I am occasionally told that I get irrationally annoyed about video games, although my complaint in this instance is completely logical - I hate that some people hate Dragon Age: Inquisition.
Note my use of “some” there. It’s fine to dislike things, and there are certainly plenty of elements to critique in Inquisition. To be clear, I don’t mind when people claim to hate the game so much as I become frustrated when people fence it in with this idea of BioWare gone bad. I know you all detested Andromeda’s facial animations - which were fixed post-launch, it’s a great game now - and the fall of Anthem is tragic both on a human level and an industrial one. Inquisition is phenomenal, though, and has some of the best environmental design I have ever seen. Pigeon-holing it into a category of weak RPGs is ludicrous.
I think most of the hate for Dragon Age: Inquisition stems from the Hinterlands, the first open area you visit in the game. Back when Inquisition launched we saw a deluge of memes about the starting area being approximately ten million hours long, although you’re actually able to leave the Hinterlands pretty quickly. Sorry, it looks like you accidentally chose not to progress through the game at an optimal rate - oops! I mean, the Hinterlands is a late-game location as well as a sort of tutorial area - there’s a massive dragon you fight here in sweltering fields of fire.
I genuinely like the Hinterlands because they’re, well… actual hinterlands. It’s nice to have a remote region that’s almost completely exposed to the wilderness, making it a perfect no-man’s-land for opposing forces. It’s a very important narrative point for people who might not have played the first two games, as it communicates the Mages vs Templars conflict at the heart of Dragon Age quickly and effectively. I hate that you can’t jump over ledges that are five centimeters tall, but other than that, the Hinterlands are brilliant both in terms of storytelling and in setting the atmosphere.
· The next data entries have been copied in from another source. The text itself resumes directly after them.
(* For real $\alpha>0$ and $\beta>0$ define $$f(\alpha,\beta)=\sum_{n=-\infty}^{\infty}\frac{\alpha(-1)^n}{\sqrt{\alpha^2n^2+\alpha\beta^2}\,\sinh\!\left(\pi\sqrt{\alpha^2n^2+\alpha\beta^2}\right)}.$$ Then $f(\alpha,\beta)=f(1/\alpha,\beta)$.
   Context: The series converges absolutely. *)

theory Defs
  imports "HOL-Analysis.Analysis"
begin

text \<open>The bilateral series f(alpha,beta), summed over all integers n
  (absolutely convergent, so the unordered sum infsum is the bilateral sum).\<close>
definition f :: "real \<Rightarrow> real \<Rightarrow> real" where
  "f \<alpha> \<beta> = (\<Sum>\<^sub>\<infinity>n::int.
      \<alpha> * (-1) powi n /
      (sqrt (\<alpha>^2 * (of_int n)^2 + \<alpha> * \<beta>^2) *
       sinh (pi * sqrt (\<alpha>^2 * (of_int n)^2 + \<alpha> * \<beta>^2))))"

end

theory Submission
  imports Defs
begin

text \<open>Since \<open>\<Sum>\<^sub>k (-1)^k / (t^2 + k^2) = \<pi> / (t sinh (\<pi> t))\<close>, both \<open>f \<alpha> \<beta>\<close> and
  \<open>f (1/\<alpha>) \<beta>\<close> equal \<open>1/\<pi>\<close> times an iterated sum of the double series
  \<open>(-1)^(n+k) / (\<alpha> n^2 + k^2/\<alpha> + \<beta>^2)\<close> over \<open>(n,k) \<in> \<int>\<^sup>2\<close>, summed in the two possible
  orders. The double series is not absolutely convergent, but its 2\<times>2 blocks are: a block is a
  mixed second difference of \<open>1/(\<alpha> x^2 + y^2/\<alpha> + \<beta>^2)\<close> and is \<open>O(1/((1+m^2)(1+j^2)))\<close>.
  Grouping rows and columns in pairs therefore lets the two iterated sums be exchanged. The closed
  form of the inner series comes from the partial fraction expansion of \<open>\<pi> cot (\<pi> z)\<close>, which
  follows from the reflection formula for the digamma function.\<close>

subsection \<open>Infinite sums over the integers\<close>

lemma has_sum_diff:
  fixes f g :: "'a \<Rightarrow> 'b::topological_ab_group_add"
  assumes "(f has_sum a) A" and "(g has_sum b) A"
  shows "((\<lambda>x. f x - g x) has_sum (a - b)) A"
proof -
  have "((\<lambda>x. - g x) has_sum (- b)) A" using assms(2) by (simp add: has_sum_uminus)
  from has_sum_add[OF assms(1) this] show ?thesis by simp
qed
(* Let $P$ be a finite poset and let $P_{\chi} \subseteq P$ be a $\chi$-minimal model of $P$. If $h, h' : P \to \mathbb{Z}$ are functions whose restrictions to $P_{\chi}$ coincide, $h|_{P_\chi} = h'|_{P_\chi}$, then \[ \int_{P} h \, d\chi = \int_{P} h' \, d\chi . \]
   Context: For a finite poset $P$, the zeta function is the $P \times P$ matrix with $\zeta(x,y)=1$ if $x \le y$ and $0$ otherwise; it is invertible, and the Euler characteristic of $P$ is $\chi(P) = \sum_{x,y \in P} \zeta^{-1}(x,y)$ ($\chi(\emptyset)=0$). A filter of $P$ is an upward-closed subset. For a subset $Q$, $\delta_Q$ denotes its indicator function. Every $f : P \to \mathbb{Z}$ can be written as $f = \sum_i a_i \delta_{Q_i}$ with $a_i \in \mathbb{Z}$ and $Q_i$ filters; the Euler calculus of $f$ is $\int_P f\, d\chi = \sum_i a_i \chi(Q_i)$, independent of the representation. A point $x$ of a finite poset $R$ is a $\chi$-point of $R$ if $\chi(R_{>x}) = 1$, where $R_{>x} = \{y \in R \mid y > x\}$. A $\chi$-minimal model of $P$ is a subposet (with the induced order) obtained from $P$ by repeatedly removing one point that is a $\chi$-point of the current subposet, until the current subposet has no $\chi$-points. *)

theory Defs
  imports Main
begin

definition zeta :: "'a::order \<Rightarrow> 'a \<Rightarrow> int" where
  "zeta x y = (if x \<le> y then 1 else 0)"

definition zeta_inv :: "'a::order set \<Rightarrow> 'a \<Rightarrow> 'a \<Rightarrow> int" where
  "zeta_inv P = (THE m. (\<forall>x\<in>P. \<forall>y\<in>P. (\<Sum>z\<in>P. zeta x z * m z y) = (if x = y then 1 else 0))
                      \<and> (\<forall>x y. (x \<notin> P \<or> y \<notin> P) \<longrightarrow> m x y = 0))"

definition euler_char :: "'a::order set \<Rightarrow> int" where
  "euler_char P = (\<Sum>x\<in>P. \<Sum>y\<in>P. zeta_inv P x y)"

definition is_filter :: "'a::order set \<Rightarrow> 'a set \<Rightarrow> bool" where
  "is_filter P Q \<longleftrightarrow> Q \<subseteq> P \<and> (\<forall>x\<in>Q. \<forall>y\<in>P. x \<le> y \<longrightarrow> y \<in> Q)"

definition indicator_fun :: "'a set \<Rightarrow> 'a \<Rightarrow> int" where
  "indicator_fun Q x = (if x \<in> Q then 1 else 0)"

definition euler_integral :: "'a::order set \<Rightarrow> ('a \<Rightarrow> int) \<Rightarrow> int" where
  "euler_integral P f = (THE c. \<exists>rep :: (int \<times> 'a set) list.
      (\<forall>(a, Q) \<in> set rep. is_filter P Q)
      \<and> (\<forall>x\<in>P. f x = (\<Sum>(a, Q) \<leftarrow> rep. a * indicator_fun Q x))
      \<and> c = (\<Sum>(a, Q) \<leftarrow> rep. a * euler_char Q))"

definition chi_point :: "'a::order set \<Rightarrow> 'a \<Rightarrow> bool" where
  "chi_point R x \<longleftrightarrow> x \<in> R \<and> euler_char {y \<in> R. y > x} = 1"

inductive chi_reduction :: "'a::order set \<Rightarrow> 'a set \<Rightarrow> bool" for P where
  refl: "chi_reduction P P"
| step: "chi_reduction P R \<Longrightarrow> chi_point R x \<Longrightarrow> chi_reduction P (R - {x})"

definition chi_minimal_model :: "'a::order set \<Rightarrow> 'a set \<Rightarrow> bool" where
  "chi_minimal_model P M \<longleftrightarrow> chi_reduction P M \<and> \<not> (\<exists>x. chi_point M x)"

end

theory Submission
  imports Defs
begin

text \<open>Solving \<open>\<zeta> \<mu> = 1\<close> row by row gives \<open>\<Sum>\<^sub>x \<mu>(y,x) = 1 - \<chi>(P\<^sub>>\<^sub>y)\<close>; since the
inverse zeta matrix of a filter is the restriction of that of \<open>P\<close>, this yields
\<open>\<integral>\<^sub>P f d\<chi> = \<Sum>\<^sub>y f(y) (1 - \<chi>(P\<^sub>>\<^sub>y))\<close>. Removing a \<open>\<chi>\<close>-point \<open>x\<close> kills its own
summand, and for \<open>y < x\<close> the point \<open>x\<close> is again a \<open>\<chi>\<close>-point of \<open>P\<^sub>>\<^sub>y\<close>, so by induction
on the size of the poset \<open>\<chi>(P\<^sub>>\<^sub>y)\<close> is unchanged. Hence the integral over \<open>P\<close> equals the
integral over any \<open>\<chi>\<close>-minimal model and only depends on the values there.\<close>

definition is_zeta_inverse :: "'a::order set \<Rightarrow> ('a \<Rightarrow> 'a \<Rightarrow> int) \<Rightarrow> bool" where
  "is_zeta_inverse P m \<longleftrightarrow>
     (\<forall>x\<in>P. \<forall>y\<in>P. (\<Sum>z\<in>P. zeta x z * m z y) = (if x = y then 1 else 0))
     \<and> (\<forall>x y. (x \<notin> P \<or> y \<notin> P) \<longrightarrow> m x y = 0)"

lemma sum_zeta_left:
  fixes x :: "'a::order"
  assumes "finite S" "x \<in> S"
  shows "(\<Sum>z\<in>S. zeta x z * g z) = g x + (\<Sum>z\<in>{z\<in>S. x < z}. g z)"
proof -
  have "(\<Sum>z\<in>S. zeta x z * g z) = (\<Sum>z\<in>S. if x \<le> z then g z else 0)"
    by (intro sum.cong) (auto simp: zeta_def)
  also have "\<dots> = (\<Sum>z\<in>{z\<in>S. x \<le> z}. g z)"
    using assms(1) by (simp add: sum.inter_filter)
  also have "{z\<in>S. x \<le> z} = insert x {z\<in>S. x < z}"
    using assms(2) by auto
  finally show ?thesis
    using assms(1) by simp
qed
lemma nn_integral_PiM_insert_kernel:
  fixes F :: "('i \<Rightarrow> real) \<Rightarrow> ennreal" and h :: "real \<Rightarrow> ('i \<Rightarrow> real) \<Rightarrow> ennreal"
  assumes J: "finite J" "j \<notin> J"
    and meas: "(\<lambda>t. F (restrict t J) * h (t j) (restrict t J))
                 \<in> borel_measurable (PiM (insert j J) (\<lambda>_. lborel))"
    and h_meas: "\<And>x. (\<lambda>y. h y x) \<in> borel_measurable borel"
    and h_prob: "\<And>x. (\<integral>\<^sup>+ y. h y x \<partial>lborel) = 1"
  shows "(\<integral>\<^sup>+ t. F (restrict t J) * h (t j) (restrict t J) \<partial>PiM (insert j J) (\<lambda>_. lborel))
       = (\<integral>\<^sup>+ x. F x \<partial>PiM J (\<lambda>_. lborel))"
proof -
  interpret product_sigma_finite "\<lambda>_::'i. lborel :: real measure" by standard
  have "(\<integral>\<^sup>+ t. F (restrict t J) * h (t j) (restrict t J) \<partial>PiM (insert j J) (\<lambda>_. lborel))
      = (\<integral>\<^sup>+ x. (\<integral>\<^sup>+ y. F (restrict (x(j := y)) J) * h y (restrict (x(j := y)) J) \<partial>lborel)
           \<partial>PiM J (\<lambda>_. lborel))"
    using product_nn_integral_insert[OF J meas] by simp
  also have "\<dots> = (\<integral>\<^sup>+ x. F x * (\<integral>\<^sup>+ y. h y x \<partial>lborel) \<partial>PiM J (\<lambda>_. lborel))"
  proof (rule nn_integral_cong)
    fix x assume "x \<in> space (PiM J (\<lambda>_. lborel :: real measure))"
    then have "restrict (x(j := y)) J = x" for y
      using J by (auto simp: space_PiM PiE_def extensional_def fun_eq_iff)
    then show "(\<integral>\<^sup>+ y. F (restrict (x(j := y)) J) * h y (restrict (x(j := y)) J) \<partial>lborel)
        = F x * (\<integral>\<^sup>+ y. h y x \<partial>lborel)"
      using h_meas by (simp add: nn_integral_cmult)
  qed
  finally show ?thesis by (simp add: h_prob)
qed
text \<open>Co-area argument, by induction on the number of values of \<open>g\<close>.\<close>
lemma cut_expander_sum_max_diff:
  fixes g :: "'b \<Rightarrow> real"
  assumes fin: "finite W" and \<phi>: "\<phi> \<ge> 0" and cut: "cut_expander \<phi> r W"
  shows "\<phi> * (\<Sum>x\<in>W. \<Sum>y\<in>W. max 0 (g y - g x)) \<le> (\<Sum>x\<in>W. \<Sum>y\<in>W. r x y * max 0 (g y - g x))"
proof (induction "card (g ` W)" arbitrary: g rule: less_induct)
  case less
  show ?case
  proof (cases "card (g ` W) \<le> 1")
    case True
    have "max 0 (g y - g x) = 0" if "x \<in> W" "y \<in> W" for x y
    proof -
      have "g x = g y"
        using True fin that card_le_Suc0_iff_eq[of "g ` W"] by (metis One_nat_def finite_imageI imageI)
      then show ?thesis by simp
    qed
    then show ?thesis by simp
  next
    case False
    obtain g' T d where lt: "card (g' ` W) < card (g ` W)" and T: "T \<subseteq> W" and "0 < d"
      and level: "\<And>x y. x \<in> W \<Longrightarrow> y \<in> W \<Longrightarrow>
        max 0 (g y - g x) = max 0 (g' y - g' x) + (if x \<notin> T \<and> y \<in> T then d else 0)"
      using lower_top_level_set[OF fin False] by blast
    note IH = less(1)[OF lt]
    have "W - (W - T) = T" using T by auto
    then have cut_T: "\<phi> * card (W - T) * card T \<le> (\<Sum>x\<in>W - T. \<Sum>y\<in>T. r x y)"
      using cut unfolding cut_expander_def by (metis Diff_subset)
    have "\<phi> * (\<Sum>x\<in>W - T. \<Sum>y\<in>T. d) = d * (\<phi> * card (W - T) * card T)" by simp
    also have "\<dots> \<le> d * (\<Sum>x\<in>W - T. \<Sum>y\<in>T. r x y)"
      using cut_T \<open>0 < d\<close> by (intro mult_left_mono) auto
    also have "\<dots> = (\<Sum>x\<in>W - T. \<Sum>y\<in>T. r x y * d)" by (simp add: sum_distrib_left mult.commute)
    finally have "\<phi> * (\<Sum>x\<in>W - T. \<Sum>y\<in>T. d) \<le> (\<Sum>x\<in>W - T. \<Sum>y\<in>T. r x y * d)" .
    moreover have "(\<Sum>x\<in>W. \<Sum>y\<in>W. max 0 (g y - g x))
        = (\<Sum>x\<in>W. \<Sum>y\<in>W. max 0 (g' y - g' x)) + (\<Sum>x\<in>W - T. \<Sum>y\<in>T. d)"
      using sum_sum_if_out_in[OF fin T, of "\<lambda>_ _. d"]
      by (simp add: level sum.distrib cong: sum.cong)
    moreover have "r x y * max 0 (g y - g x)
        = r x y * max 0 (g' y - g' x) + (if x \<notin> T \<and> y \<in> T then r x y * d else 0)"
      if "x \<in> W" "y \<in> W" for x y
      using level[OF that] by (simp add: distrib_left)
    then have "(\<Sum>x\<in>W. \<Sum>y\<in>W. r x y * max 0 (g y - g x))
        = (\<Sum>x\<in>W. \<Sum>y\<in>W. r x y * max 0 (g' y - g' x)) + (\<Sum>x\<in>W - T. \<Sum>y\<in>T. r x y * d)"
      using sum_sum_if_out_in[OF fin T, of "\<lambda>x y. r x y * d"]
      by (simp add: sum.distrib cong: sum.cong)
    ultimately show ?thesis
      using IH by (simp add: distrib_left)
  qed
qed
theorem corollary2p2:
  fixes p \<phi> :: "complex \<Rightarrow> complex" and B :: "complex set" and z0 p0 :: complex
    and \<mu> :: nat and R :: real and f :: "int \<Rightarrow> real \<Rightarrow> real"
  assumes B: "open B" "z0 \<in> B"
    and hol: "p holomorphic_on B" and nonconst: "\<not> (\<exists>c. \<forall>z\<in>B. p z = c)"
    and mu: "\<mu> \<ge> 1" and p0: "p0 \<noteq> 0"
    and phi: "\<phi> holomorphic_on B" "\<phi> z0 = 0"
    and rep: "\<forall>z\<in>B. p z = p z0 - p0 * (z - z0) ^ \<mu> * (1 - \<phi> z)"
    and R: "R > 0" "cball z0 R \<subseteq> B"
    and f_diff: "\<forall>l::int. \<exists>I::real set. is_interval I \<and> {0..R} \<subseteq> I \<and> f l differentiable_on I"
    and f_0: "\<forall>l::int. f l 0 = - Arg p0 / real \<mu> + pi * (real_of_int l + 1/2) / real \<mu>"
    and f_bound: "\<forall>l::int. \<forall>r\<in>{0..R}.
        \<bar>f l r - (- Arg p0 / real \<mu> + pi * (real_of_int l + 1/2) / real \<mu>)\<bar> \<le> pi / (4 * real \<mu>)"
    and f_zeros: "\<forall>r\<in>{0..R}. \<forall>\<theta>::real.
        rescaled_re p z0 p0 \<mu> r \<theta> = 0 \<longleftrightarrow> (\<exists>l::int. \<theta> = f l r)"
  shows "(\<forall>l::int. \<forall>r\<in>{0..R}.
            f (2*l - 1) r < - Arg p0 / real \<mu> + 2 * pi * real_of_int l / real \<mu> \<and>
            - Arg p0 / real \<mu> + 2 * pi * real_of_int l / real \<mu> < f (2*l) r)
       \<and> (\<forall>l::int. \<forall>r\<in>{0<..R}.
            Re (p (z0 + complex_of_real r * exp (\<i> * complex_of_real
                  (- Arg p0 / real \<mu> + 2 * pi * real_of_int l / real \<mu>))) - p z0) < 0)
       \<and> (\<forall>r\<in>{0<..R}. \<forall>\<theta>::real.
            Re (p (z0 + complex_of_real r * exp (\<i> * complex_of_real \<theta>)) - p z0) < 0
            \<longleftrightarrow> (\<exists>l::int. f (2*l - 1) r < \<theta> \<and> \<theta> < f (2*l) r))"
proof -
  define t where "t k = - Arg p0 / real \<mu> + pi / real \<mu> * of_int k" for k :: int
  have "\<mu> > 0" "pi / real \<mu> > 0"
    using mu by auto
  note cont_phi = holomorphic_on_imp_continuous_on[OF phi(1)]
  have band: "\<bar>f l r - (- Arg p0 / real \<mu> + pi / real \<mu> * (of_int l + 1/2))\<bar> \<le> pi / real \<mu> / 4"
    if "r \<in> {0..R}" for l r
    using f_bound that by (simp add: field_simps)
  note banded = banded_strict_mono banded_interlace banded_cover
  have gaps: "strict_mono (\<lambda>l. f l r)" "f (k - 1) r < t k" "t k < f k r"
    "\<exists>k. f (k - 1) r \<le> \<theta> \<and> \<theta> \<le> f k r" if "r \<in> {0..R}" for r k \<theta>
    using banded[OF \<open>pi / real \<mu> > 0\<close> band[OF that]] by (simp_all add: t_def)
  have sample_sign: "rescaled_re p z0 p0 \<mu> r (t k) < 0 \<longleftrightarrow> even k" if "r \<in> {0..R}" for r k
    unfolding t_def
  proof (rule rescaled_re_neg_iff_even[OF rep phi(2) cont_phi R(2) p0 \<open>\<mu> > 0\<close> that])
    fix s :: real
    assume s: "s \<in> {0..R}"
    show "rescaled_re p z0 p0 \<mu> s (- Arg p0 / real \<mu> + pi / real \<mu> * of_int k) \<noteq> 0"
      using f_zeros s gaps(2,3)[OF s, of k] strict_mono_no_value_between[OF gaps(1)[OF s], of k]
      unfolding t_def by auto
  qed
  have neg_iff: "rescaled_re p z0 p0 \<mu> r \<theta> < 0 \<longleftrightarrow> (\<exists>l. f (2*l - 1) r < \<theta> \<and> \<theta> < f (2*l) r)"
    if "r \<in> {0..R}" for r \<theta>
    by (rule neg_iff_between_alternating_zeros[where t = t])
      (use that continuous_on_rescaled_re_angle[OF rep phi(2) cont_phi R(2)] f_zeros gaps sample_sign
        in auto)
  have t_even: "t (2*l) = - Arg p0 / real \<mu> + 2 * pi * real_of_int l / real \<mu>" for l
    by (simp add: t_def)
  have in_even_gap: "\<exists>l'. f (2*l' - 1) r < t (2*l) \<and> t (2*l) < f (2*l') r" if "r \<in> {0..R}" for r l
    using gaps(2,3)[OF that, of "2*l"] by blast
  show ?thesis
    unfolding t_even[symmetric]
    using gaps(2,3) in_even_gap neg_iff
      Re_diff_neg_iff_rescaled_re_neg[of _ p z0 _ p0 \<mu>]
    by auto
qed
(* Let $w\in RH_1$ and for $n\in\mathbb{N}$ define $$w_n(t)=\begin{cases}\frac1n,& w(t)\le\frac1n,\\ w(t),&\frac1n\le w(t)\le n,\\ n,& w(t)\ge n.\end{cases}$$ Then $[w_n]_{RH_1}\le[w]_{RH_1}$. Moreover, for every $w\in A_\infty$ the same truncation satisfies $[w_n]_{A_\infty}\le[w]_{A_\infty}$.
   Context: Weights are locally integrable, a.e. positive functions on $\mathbb{R}$; $\langle f\rangle_J=\frac1{|J|}\int_J f$. $[w]_{RH_1}=\sup_J\Big\langle \frac{w}{\langle w\rangle_J}\log\frac{w}{\langle w\rangle_J}\Big\rangle_J$ and $[w]_{A_\infty}=\sup_J\langle w\rangle_Je^{-\langle\log w\rangle_J}$, suprema over intervals $J\subset\mathbb{R}$; $w\in RH_1$ (resp. $A_\infty$) iff the corresponding constant is finite. *)

theory Defs
  imports "HOL-Analysis.Analysis"
begin

definition weight :: "(real \<Rightarrow> real) \<Rightarrow> bool" where
  "weight w \<longleftrightarrow> w \<in> borel_measurable lborel
     \<and> (\<forall>a b. set_integrable lborel {a..b} w)
     \<and> (AE x in lborel. 0 < w x)"

text \<open>Extended Lebesgue integral over J (positive part minus negative part, in ereal);
  it equals the usual integral when f is integrable on J, and is +/- infinity when
  exactly one of the parts is infinite.\<close>
definition ext_int :: "real set \<Rightarrow> (real \<Rightarrow> real) \<Rightarrow> ereal" where
  "ext_int J f = enn2ereal (\<integral>\<^sup>+ x\<in>J. ennreal (f x) \<partial>lborel)
               - enn2ereal (\<integral>\<^sup>+ x\<in>J. ennreal (- f x) \<partial>lborel)"

definition avg :: "real \<Rightarrow> real \<Rightarrow> (real \<Rightarrow> real) \<Rightarrow> ereal" where
  "avg a b f = ext_int {a..b} f / ereal (b - a)"

definition RH1_const :: "(real \<Rightarrow> real) \<Rightarrow> ereal" where
  "RH1_const w = (SUP (a, b) \<in> {(a, b). a < b}.
     avg a b (\<lambda>t. (w t / real_of_ereal (avg a b w)) * ln (w t / real_of_ereal (avg a b w))))"

text \<open>exp(-<log w>_J), with exp(+infinity) = infinity.\<close>
definition Ainf_const :: "(real \<Rightarrow> real) \<Rightarrow> ereal" where
  "Ainf_const w = (SUP (a, b) \<in> {(a, b). a < b}.
     (let L = avg a b (\<lambda>t. ln (w t)) in
      if L = - \<infinity> then \<infinity>
      else avg a b w * ereal (exp (- real_of_ereal L))))"

definition RH1 :: "(real \<Rightarrow> real) \<Rightarrow> bool" where
  "RH1 w \<longleftrightarrow> RH1_const w < \<infinity>"

definition Ainf :: "(real \<Rightarrow> real) \<Rightarrow> bool" where
  "Ainf w \<longleftrightarrow> Ainf_const w < \<infinity>"
lemma Abs_fps_Nbar_half: "Abs_fps (\<lambda>n. Abs_fls (\<lambda>m. Nbar m n / 2)) = overpart_rank_gf * inverse 2"
proof -
  have "inverse (2 :: qz) = fps_const (inverse 2)"
    by (simp add: numeral_fps_const fps_const_inverse)
  then have coeff: "(overpart_rank_gf * inverse 2) $ n = overpart_rank_gf $ n * inverse 2" for n
    by (simp only: fps_mult_right_const_nth)
  have half: "inverse (2 :: rat fls) = fls_const (inverse 2)"
    by (metis fls_const_numeral fls_inverse_const)
  have "(\<lambda>m. Nbar m n / 2) = fls_nth (overpart_rank_gf $ n * fls_const (inverse 2))" for n
    by (rule ext) (simp only: Nbar_def fls_mult_const_nth divide_inverse)
  then have "(\<lambda>m. Nbar m n / 2) = fls_nth ((overpart_rank_gf * inverse 2) $ n)" for n
    unfolding coeff half .
  then have "(\<lambda>n. Abs_fls (\<lambda>m. Nbar m n / 2)) = fps_nth (overpart_rank_gf * inverse 2)"
    by (simp add: fls_nth_inverse)
  then show ?thesis by (simp only: fps_nth_inverse)
qed

theorem theorem2p4:
  shows "(1 - zz) * (1 - zinv) * S1bar =
     Abs_fps (\<lambda>n. Abs_fls (\<lambda>m. Nbar m n / 2))
     - qpoch_inf (- qq) / qpoch_inf qq *
       (1/2 + (\<Sum>n. (1 - zz) * (1 - zinv) * (-1) ^ (n+1) * qq ^ (n+1)
                     / ((1 - zz * qq ^ (n+1)) * (1 - zinv * qq ^ (n+1)))))"
proof -
  have two: "2 * inverse (2 :: qz) = 1"
    by (rule inverse_mult_eq_1') simp
  have quotient: "qpoch_inf (- qq) / qpoch_inf qq = qpoch_inf (- qq) * inverse (qpoch_inf qq)"
    by (rule fps_divide_unit) (simp add: qpoch_inf_nth_0)
  have lambert: "1/2 + (\<Sum>n. (1 - zz) * (1 - zinv) * (-1) ^ (n+1) * qq ^ (n+1)
                     / ((1 - zz * qq ^ (n+1)) * (1 - zinv * qq ^ (n+1)))) =
      suminf (\<lambda>r. gauss_alpha r * z_weight r) * inverse 2"
    unfolding suminf_gauss_alpha_z_weight using two by (simp add: fps_divide_unit algebra_simps)
  have "(1 - zz) * (1 - zinv) * S1bar =
      Phi * (suminf bailey_term - suminf (\<lambda>j. (-1) ^ j * bailey_term j)) * inverse 2"
    using z_factor_times_S1bar by (simp only: z_factor_def)
  also have "\<dots> = overpart_rank_gf * inverse 2 -
      qpoch_inf (- qq) * inverse (qpoch_inf qq) * (suminf (\<lambda>r. gauss_alpha r * z_weight r) * inverse 2)"
    unfolding right_diff_distrib left_diff_distrib overpart_rank_gf_eq
      Phi_times_suminf_alternating_bailey_term
    by (simp only: mult.assoc)
  also have "\<dots> = Abs_fps (\<lambda>n. Abs_fls (\<lambda>m. Nbar m n / 2))
     - qpoch_inf (- qq) / qpoch_inf qq *
       (1/2 + (\<Sum>n. (1 - zz) * (1 - zinv) * (-1) ^ (n+1) * qq ^ (n+1)
                     / ((1 - zz * qq ^ (n+1)) * (1 - zinv * qq ^ (n+1)))))"
    unfolding Abs_fps_Nbar_half quotient lambert ..
  finally show ?thesis .
qed

end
Once you leave the Hinterlands, though, Inquisition is blown up into one of the most breathtakingly gorgeous games I have ever seen. You’ve got the windswept wastes of the Western Approach, the treacherous tempests of the Storm Coast, and the serene snowscapes of Emprise du Lion all offering dramatically different climates and landscapes across Thedas (which, in case you forgot, was derived from THEDAS, or “The Dragon Age Setting”, which is so pants that it’s good).
Emprise du Lion is the game’s magnum opus when it comes to environmental design, its wintery wistfulness perfectly capturing late-game tensions by juxtaposing the once-revered highlands of the Dalish elves with their new draconic inhabitants. It’s a very strange but sublime place to occupy in this virtual world - its vistas are magnificent, and you can take your time sauntering along its snow-laden paths, but the fights here are explosively ferocious. I think it manages to articulate the urgency of your quest in a way that is cleverly subtle beneath the ostensible theatrics of tussling with a dragon. Here you have a desolate place, beautiful in terms of nature but brutal in its depiction of what is to come should the Inquisition fail. You fight here of your own accord with nobody to watch you other than your companions, risking your life in a battle that people will never know outside of ever-mutable hearsay. It’s the first and last chance to beat back the encroaching dread, with the serene snow capturing vague hope as its lack of habitation implies reigning despair.
It’s probably to facilitate the camerawork necessary for having a roaming party traverse the overworld a la Baldur’s Gate, but the sheer scale of each region is remarkably impressive. While some of the more imposing bosses earn their own areas, the entire level design is made up of invisibly stitched-together arenas. Beneath all the glimmer and gloss, this is a deeply and precisely functional game that was rigorously and meticulously woven into a world. I think The Witcher 3 handles resolving unfinished quests and fail states better than any RPG in history, but Dragon Age’s sheer functional coherence earns it a place on the podium at the very least. Walking around that world at a snail’s pace so you can examine every single millimeter makes it almost embarrassingly obvious that you’ve been duked by good level design - very simple solutions are buried beneath very flashy aesthetics. It’s like a Porsche made by Volkswagen.
I understand that not everything is for everyone, and there are perfectly valid reasons for disliking Dragon Age: Inquisition. What I’m saying is that complaining about the Hinterlands falls pretty flat when you realize you can leave there almost immediately after starting the game, and the places you visit after… well, they’re absolutely incredible. Give the game another look, yeah?